Study of Efficacy and Safety of MEXIDOL® in Ischemic Stroke Therapy (EPICA)

In the course of a clinical study involving patients, the efficacy and safety of prolonged sequential therapy with Mexidol® (solution for intravenous and intramuscular administration / coated tablets) were evaluated compared to placebo in patients with hemispheric ischemic stroke during the acute and early recovery periods. The use of Mexidol® (solution for intravenous and intramuscular administration / coated tablets) and placebo (solution for intravenous and intramuscular administration / coated tablets) was conducted against the background of standard baseline therapy.

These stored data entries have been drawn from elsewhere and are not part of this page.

lemma eL_add_le: "eL n (\<lambda>l. i l + j l) \<le> eL n i + eL n j"
proof -
  define g where "g = (\<lambda>(l, r). (l, r + i l :: nat))"
  have "inj g" by (auto simp: g_def inj_def)
  have measurable_j: "(\<lambda>u. real (chainLen (ptSet n j u))) \<in> borel_measurable Umeas"
    using integrable_chainLen_ptSet by blast
  note reindex = integral_reindex_Umeas[OF \<open>inj g\<close> measurable_j]
  have pointwise: "real (chainLen (ptSet n (\<lambda>l. i l + j l) u))
      \<le> real (chainLen (ptSet n i u)) + real (chainLen (ptSet n j (u \<circ> g)))" for u
  proof -
    have "chainLen (ptSet n (\<lambda>l. i l + j l) u) \<le> chainLen (ptSet n i u \<union> ptSet n j (u \<circ> g))"
      using ptSet_add_subset unfolding g_def by (intro chainLen_mono) auto
    also have "\<dots> \<le> chainLen (ptSet n i u) + chainLen (ptSet n j (u \<circ> g))"
      by (intro chainLen_Un finite_ptSet)
    finally show ?thesis by linarith
  qed
  have "integrable Umeas (\<lambda>u. real (chainLen (ptSet n j (u \<circ> g))))"
    using reindex(1) integrable_chainLen_ptSet by blast
  then have "eL n (\<lambda>l. i l + j l)
      \<le> (\<integral>u. real (chainLen (ptSet n i u)) + real (chainLen (ptSet n j (u \<circ> g))) \<partial>Umeas)"
    unfolding eL_def using pointwise
    by (intro integral_mono integrable_chainLen_ptSet Bochner_Integration.integrable_add)
  also have "\<dots> = eL n i + eL n j"
    unfolding eL_def using reindex integrable_chainLen_ptSet by simp
  finally show ?thesis .
qed

theorem mainTheorem8:
  fixes n :: nat and i j :: "nat \<Rightarrow> nat"
  shows "eL n i \<le> eL n (\<lambda>l. i l + j l)
       \<and> eL n (\<lambda>l. i l + j l) \<le> eL n i + eL n j
       \<and> eL n i \<le> 6 * sqrt (real (\<Sum>l=1..n. i l))"
proof (intro conjI eL_mono eL_add_le)
  have "eL n i \<le> (\<Sum>k=1..(\<Sum>l=1..n. i l). min 1 (real ((\<Sum>l=1..n. i l) choose k) / fact k))"
    unfolding eL_eq_sum_prob by (intro sum_mono prob_chainLen_ptSet_ge)
  also have "\<dots> \<le> 6 * sqrt (real (\<Sum>l=1..n. i l))"
    by (rule sum_min_binomial_div_fact_le)
  finally show "eL n i \<le> 6 * sqrt (real (\<Sum>l=1..n. i l))" .
qed

end
lemma bstep_tv_head:
  assumes sim: "\<And>X. bstep (tv M) X \<Longrightarrow> \<exists>P. vstep\<^sup>*\<^sup>* M P \<and> bstep\<^sup>*\<^sup>* X (tv P)"
    and step: "bstep (tv_head M) Y"
  shows "\<exists>P. vstep\<^sup>*\<^sup>* M P \<and> bstep\<^sup>*\<^sup>* Y (tv_head P)"
proof (cases "unbang (tv M)")
  case None
  with step have "bstep (BDer (tv M)) Y" by (simp add: tv_head_def)
  then show ?thesis
  proof (cases rule: bstepE_Der)
    case root
    with None show ?thesis by (auto elim: broot.cases simp: unbang_bplug)
  next
    case (der Y')
    with sim obtain P where "vstep\<^sup>*\<^sup>* M P" "bstep\<^sup>*\<^sup>* Y' (tv P)" by blast
    with der show ?thesis
      by (meson bsteps_cong(7) bsteps_BDer_tv rtranclp_trans)
  qed
next
  case (Some Q)
  with step have "bstep Q Y" by (simp add: tv_head_def)
  with Some obtain T where "bstep (tv M) T" "unbang T = Some Y"
    using bstep_unbang_lift by blast
  with sim obtain P where "vstep\<^sup>*\<^sup>* M P" "bstep\<^sup>*\<^sup>* T (tv P)" by blast
  with \<open>unbang T = Some Y\<close> obtain Y' where "bstep\<^sup>*\<^sup>* Y Y'" "unbang (tv P) = Some Y'"
    using bsteps_unbang_project by blast
  with \<open>vstep\<^sup>*\<^sup>* M P\<close> show ?thesis by (auto simp: tv_head_def)
qed

lemma bstep_tv_imp_vsteps: "bstep (tv M) X \<Longrightarrow> \<exists>P. vstep\<^sup>*\<^sup>* M P \<and> bstep\<^sup>*\<^sup>* X (tv P)"
proof (induction M arbitrary: X)
  case (Lam M)
  then obtain Y where "X = BBang (BLam Y)" "bstep (tv M) Y"
    by (auto elim!: bstepE_Bang bstepE_Lam)
  moreover from this Lam.IH obtain P where "vstep\<^sup>*\<^sup>* M P" "bstep\<^sup>*\<^sup>* Y (tv P)" by blast
  ultimately show ?case by (metis bsteps_cong(1,6) vsteps_cong(1) tv.simps(2))
next
  case (App M1 M2)
  from App.prems[unfolded tv_App] show ?case
  proof (cases rule: bstepE_App)
    case root
    with broot_tv[of "App M1 M2"] obtain P where "vroot (App M1 M2) P" "X = tv P" by auto
    then show ?thesis by (auto intro: vstep.root)
  next
    case (appL Y)
    with bstep_tv_head[OF App.IH(1)] obtain P where "vstep\<^sup>*\<^sup>* M1 P" "bstep\<^sup>*\<^sup>* Y (tv_head P)"
      by blast
    with appL show ?thesis
      by (intro exI[of _ "App P M2"]) (auto intro: vsteps_cong(2) bsteps_cong(2))
  next
    case (appR N')
    with App.IH(2) obtain P where "vstep\<^sup>*\<^sup>* M2 P" "bstep\<^sup>*\<^sup>* N' (tv P)" by blast
    with appR show ?thesis
      by (intro exI[of _ "App M1 P"]) (auto intro: vsteps_cong(3) bsteps_cong(3))
  qed
next
  case (ES A B)
  from ES.prems[unfolded tv.simps] show ?case
  proof (cases rule: bstepE_ES)
    case root
    with broot_tv[of "ES A B"] obtain P where "vroot (ES A B) P" "X = tv P" by auto
    then show ?thesis by (auto intro: vstep.root)
  next
    case (esL A')
    with ES.IH(1) obtain P where "vstep\<^sup>*\<^sup>* A P" "bstep\<^sup>*\<^sup>* A' (tv P)" by blast
    with esL show ?thesis
      by (intro exI[of _ "ES P B"]) (auto intro: vsteps_cong(4) bsteps_cong(4))
  next
    case (esR B')
    with ES.IH(2) obtain P where "vstep\<^sup>*\<^sup>* B P" "bstep\<^sup>*\<^sup>* B' (tv P)" by blast
    with esR show ?thesis
      by (intro exI[of _ "ES A P"]) (auto intro: vsteps_cong(5) bsteps_cong(5))
  qed
qed (auto elim!: bstepE_Bang)

theorem mainTheorem7:
  shows "(\<forall>M N. bstep (tn M) N \<longrightarrow>
            (\<exists>P. nstep\<^sup>*\<^sup>* M P \<and> bstep\<^sup>*\<^sup>* N (tn P)))
       \<and> (\<forall>M N. bstep (tv M) N \<longrightarrow>
            (\<exists>P. vstep\<^sup>*\<^sup>* M P \<and> bstep\<^sup>*\<^sup>* N (tv P)))"
  using bstep_tn_imp_nstep bstep_tv_imp_vsteps by blast

end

Throughout the study, both the investigational drug Mexidol® and the placebo, used alongside baseline therapy, were tolerated satisfactorily. In this clinical study, 37 cases of adverse events (AEs) not meeting the criteria for severity were recorded in 28 patients, along with 4 AEs that were categorized as serious adverse events (SAEs) in 4 patients. Most of the registered AEs required appropriate corrective therapy but did not necessitate other medical interventions and resolved by the end of the patient's participation in the study. According to the researchers, in the majority of recorded AEs, the relationship with the investigational drugs was determined to be absent (no relationship).

When comparing the frequency of registration of both individual AEs and SAEs, no statistically significant differences (p < 0.05) were found in the frequency of AEs/SAEs in patients after taking the investigational drug (Mexidol®) and the comparison drug (placebo). According to the conducted clinical study, the safety profile of Mexidol® remained unchanged and favorable. No new safety signals were recorded during the course of the study.

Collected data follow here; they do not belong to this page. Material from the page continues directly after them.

(* Suppose the total preorder $\succeq$ on $\mathcal{Q}_b$ is continuous (with respect to uniform convergence), monotonic, and satisfies the dual independence axiom. Then there exists a nonnegative, bounded, finitely additive measure $\mu$ on $\Sigma$ such that the functional $$U(\Phi)=\int_0^1\Phi(p)\,\mu(dp),\qquad \Phi\in B((0,1],\Sigma),$$ (integral with respect to a finitely additive measure) restricted to $\mathcal{Q}_b$ is a numerical representation of $\succeq$.
   Context: $\mathcal{Q}_b$ is the set of bounded, nondecreasing, left-continuous functions on $(0,1]$. $\Sigma$ is the algebra of subsets of $(0,1]$ generated by finite unions and intersections of intervals $(a,b]$, $0<a<b\le1$. $B((0,1],\Sigma)$ is the Banach space (sup norm) of uniform limits of $\Sigma$-simple functions $\sum\alpha_i\mathbf{1}_{A_i}$. Integration of functions in $B((0,1],\Sigma)$ against a bounded finitely additive measure is in the sense of Dunford–Schwartz. A total preorder is reflexive, transitive, complete; $\succ$ its strict part; continuity means closed upper and lower contour sets. Monotonic: $\Phi\ge\Psi$ pointwise implies $\Phi\succeq\Psi$. Dual independence axiom: $\Phi\succ\Psi$ implies $\alpha\Phi+(1-\alpha)\Upsilon\succ\alpha\Psi+(1-\alpha)\Upsilon$ for all $\Upsilon\in\mathcal{Q}_b$, $\alpha\in(0,1)$. Numerical representation: $\Phi\succ\Psi\iff U(\Phi)>U(\Psi)$. *)

theory Defs
  imports "HOL-Analysis.Analysis"
begin

text \<open>Functions on (0,1] are represented as real => real; elements of Q_b are
  normalised to vanish outside (0,1].\<close>

definition Qb :: "(real \<Rightarrow> real) set" where
  "Qb = {\<Phi>. bdd_above (abs ` \<Phi> ` {0<..1})
           \<and> mono_on {0<..1} \<Phi>
           \<and> (\<forall>p\<in>{0<..1}. continuous (at_left p) \<Phi>)
           \<and> (\<forall>x. x \<notin> {0<..1} \<longrightarrow> \<Phi> x = 0)}"

inductive_set SigmaAlg :: "real set set" where
  empty: "{} \<in> SigmaAlg"
| interval: "0 < a \<Longrightarrow> a < b \<Longrightarrow> b \<le> 1 \<Longrightarrow> {a<..b} \<in> SigmaAlg"
| compl: "A \<in> SigmaAlg \<Longrightarrow> {0<..1} - A \<in> SigmaAlg"
| union: "A \<in> SigmaAlg \<Longrightarrow> B \<in> SigmaAlg \<Longrightarrow> A \<union> B \<in> SigmaAlg"
| inter: "A \<in> SigmaAlg \<Longrightarrow> B \<in> SigmaAlg \<Longrightarrow> A \<inter> B \<in> SigmaAlg"

definition fa_measure :: "(real set \<Rightarrow> real) \<Rightarrow> bool" where
  "fa_measure \<mu> \<longleftrightarrow> \<mu> {} = 0
     \<and> (\<forall>A\<in>SigmaAlg. 0 \<le> \<mu> A)
     \<and> (\<exists>M. \<forall>A\<in>SigmaAlg. \<bar>\<mu> A\<bar> \<le> M)
     \<and> (\<forall>A\<in>SigmaAlg. \<forall>B\<in>SigmaAlg. A \<inter> B = {} \<longrightarrow> \<mu> (A \<union> B) = \<mu> A + \<mu> B)"

definition simple_eval :: "(real \<times> real set) list \<Rightarrow> real \<Rightarrow> real" where
  "simple_eval xs x = (\<Sum>(\<alpha>, A)\<leftarrow>xs. \<alpha> * indicator A x)"

definition simple_int :: "(real set \<Rightarrow> real) \<Rightarrow> (real \<times> real set) list \<Rightarrow> real" where
  "simple_int \<mu> xs = (\<Sum>(\<alpha>, A)\<leftarrow>xs. \<alpha> * \<mu> A)"

text \<open>B((0,1],Sigma): uniform limits of SigmaAlg-simple functions.\<close>
definition Bspace :: "(real \<Rightarrow> real) set" where
  "Bspace = {f. \<forall>\<epsilon>>0. \<exists>xs. set (map snd xs) \<subseteq> SigmaAlg
                 \<and> (\<forall>x\<in>{0<..1}. \<bar>f x - simple_eval xs x\<bar> \<le> \<epsilon>)}"

text \<open>Dunford--Schwartz integral of f in B((0,1],Sigma): the limit of the integrals of
  simple functions converging uniformly to f.\<close>
definition has_fa_integral :: "(real set \<Rightarrow> real) \<Rightarrow> (real \<Rightarrow> real) \<Rightarrow> real \<Rightarrow> bool" where
  "has_fa_integral \<mu> f c \<longleftrightarrow>
     (\<forall>\<epsilon>>0. \<exists>\<delta>>0. \<forall>xs. set (map snd xs) \<subseteq> SigmaAlg
        \<and> (\<forall>x\<in>{0<..1}. \<bar>f x - simple_eval xs x\<bar> \<le> \<delta>)
        \<longrightarrow> \<bar>c - simple_int \<mu> xs\<bar> \<le> \<epsilon>)"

The primary endpoint is the results of testing using the modified Rankin Scale (mRS) at the end of the therapy course (in both the investigational and control groups). In the overall population of patients included in the efficacy analysis, positive dynamics were observed in both the Mexidol® group and the placebo group (p < 0.001): a decrease in the mean scores on the scale throughout the study; a statistically significant difference was also identified between the mean scores on the mRS at visit 5 compared to baseline values (visit 1) in both groups. Additionally, at visit 5, a statistically significant difference was observed between the treatment groups (p = 0.04) regarding the total scores on the modified Rankin Scale: the average score for the Mexidol® group was 1.098 points, while for the placebo group, it was 1.46 points. No statistically significant differences between the groups were found at other visits. The assessment of the change in mRS score from baseline (visit 1) to the end of therapy (visit 5) showed statistically significant differences (p = 0.04) between the treatment groups: in the Mexidol® group, the value was 1.098; in the placebo group, it was 1.460.

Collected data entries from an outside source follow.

lemma rigidity_rank_less_card:
  fixes X :: "real^'m"
  assumes "X \<in> shakiness_variety l c"
  shows "rigidity_rank l c X < CARD('m)"
proof (rule ccontr)
  define S where "S = {grad (c j) X | j. j < l}"
  assume "\<not> ?thesis"
  then have "dim S = CARD('m)"
    using dim_subset_UNIV_cart[of S] by (simp add: rigidity_rank_eq_dim_grad S_def)
  then obtain B where B: "B \<subseteq> S" "independent B" "card B = CARD('m)"
    by (metis basis_exists)
  then obtain h where h: "bij_betw h (UNIV::'m set) B"
    using finite_same_card_bij[of "UNIV::'m set" B] finiteI_independent by auto
  have "\<forall>k. \<exists>j. j < l \<and> h k = grad (c j) X"
    using h B(1) unfolding S_def bij_betw_def by blast
  then obtain col where col: "\<And>k. col k < l" "\<And>k. h k = grad (c (col k)) X"
    by metis
  have "inj col"
    using col(2) h by (metis bij_betw_imp_inj_on injD injI)
  define A where "A = (\<chi> i k. rigidity_matrix l c X i (col k))"
  have "column k A = h k" for k
    using col(2) by (simp add: A_def column_def rigidity_matrix_column)
  then have "columns A = B" using h by (auto simp: columns_def bij_betw_def)
  then have "det A \<noteq> 0"
    using B(2,3) by (simp add: det_eq_0_rank column_rank_def dim_eq_card_independent)
  moreover have "(\<lambda>z. det (\<chi> i k. rigidity_matrix l c z i (col k))) \<in> maximal_minors l c"
    unfolding maximal_minors_def using \<open>inj col\<close> col(1) by blast
  ultimately show False
    using assms by (auto simp: shakiness_variety_def A_def)
qed

lemma grad_maximal_minor_eq_0:
  fixes X :: "real^'m"
  assumes "\<forall>j<l. c j \<in> poly_fun" "rigidity_rank l c X + 2 \<le> CARD('m)"
    and "p \<in> maximal_minors l c"
  shows "grad p X = 0"
proof -
  obtain col :: "'m \<Rightarrow> nat" where col: "\<And>k. col k < l"
    and p: "p = (\<lambda>z. det (\<chi> i k. rigidity_matrix l c z i (col k)))"
    using maximal_minorsE[OF assms(3)] by metis
  have "partial_deriv p a X = 0" for a
  proof -
    define F where "F t = (\<chi> i k. rigidity_matrix l c (X + t *\<^sub>R axis a 1) i (col k))" for t
    define F' where "F' = (\<chi> i k. partial_deriv (\<lambda>z. rigidity_matrix l c z i (col k)) a X)"
    have "column k (F 0) = grad (c (col k)) X" for k
      by (simp add: column_def F_def rigidity_matrix_column)
    then have "columns (F 0) \<subseteq> {grad (c j) X | j. j < l}"
      using col by (auto simp: columns_def)
    then have "rank (F 0) \<le> rigidity_rank l c X"
      by (simp add: column_rank_def rigidity_rank_eq_dim_grad dim_subset)
    moreover have "((\<lambda>t. F t $ i $ k) has_real_derivative F' $ i $ k) (at 0)" for i k
      using poly_fun_partial_deriv(2)[OF rigidity_matrix_poly_fun[OF assms(1) col]]
      by (simp add: F_def F'_def)
    ultimately have "((\<lambda>t. det (F t)) has_real_derivative 0) (at 0)"
      using assms(2) by (intro has_real_derivative_det_low_rank) auto
    then show ?thesis by (simp add: partial_deriv_def p F_def DERIV_imp_deriv)
  qed
  then show ?thesis by (simp add: grad_def vec_eq_iff)
qed

lemma shakiness_variety_eq_UNIV_if_ball_subset:
  assumes "\<forall>j<l. c j \<in> poly_fun" "r > 0" "ball a r \<subseteq> shakiness_variety l c"
  shows "shakiness_variety l c = UNIV"
  using assms poly_fun_eq_0_if_eq_0_on_ball[OF maximal_minor_poly_fun[OF assms(1)] assms(2)]
  unfolding shakiness_variety_def by blast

Thus, Mexidol® demonstrated greater efficacy compared to placebo when used alongside baseline therapy in patients with hemispheric ischemic stroke during the acute and early recovery period based on the primary efficacy criterion, which is the results of testing using the modified Rankin Scale (mRS) at the end of the therapy course.

Furthermore, the study demonstrated the efficacy of Mexidol® therapy concerning several secondary efficacy endpoints. Mexidol® showed greater efficacy in treating hemispheric ischemic stroke compared to placebo when using the specialized scale for this condition-the NIHSS (National Institutes of Health Stroke Scale). In testing using the Beck Depression Inventory (BDI), the efficacy of Mexidol® regarding cognitive disorders in patients who suffered strokes with concurrent diabetes was also identified.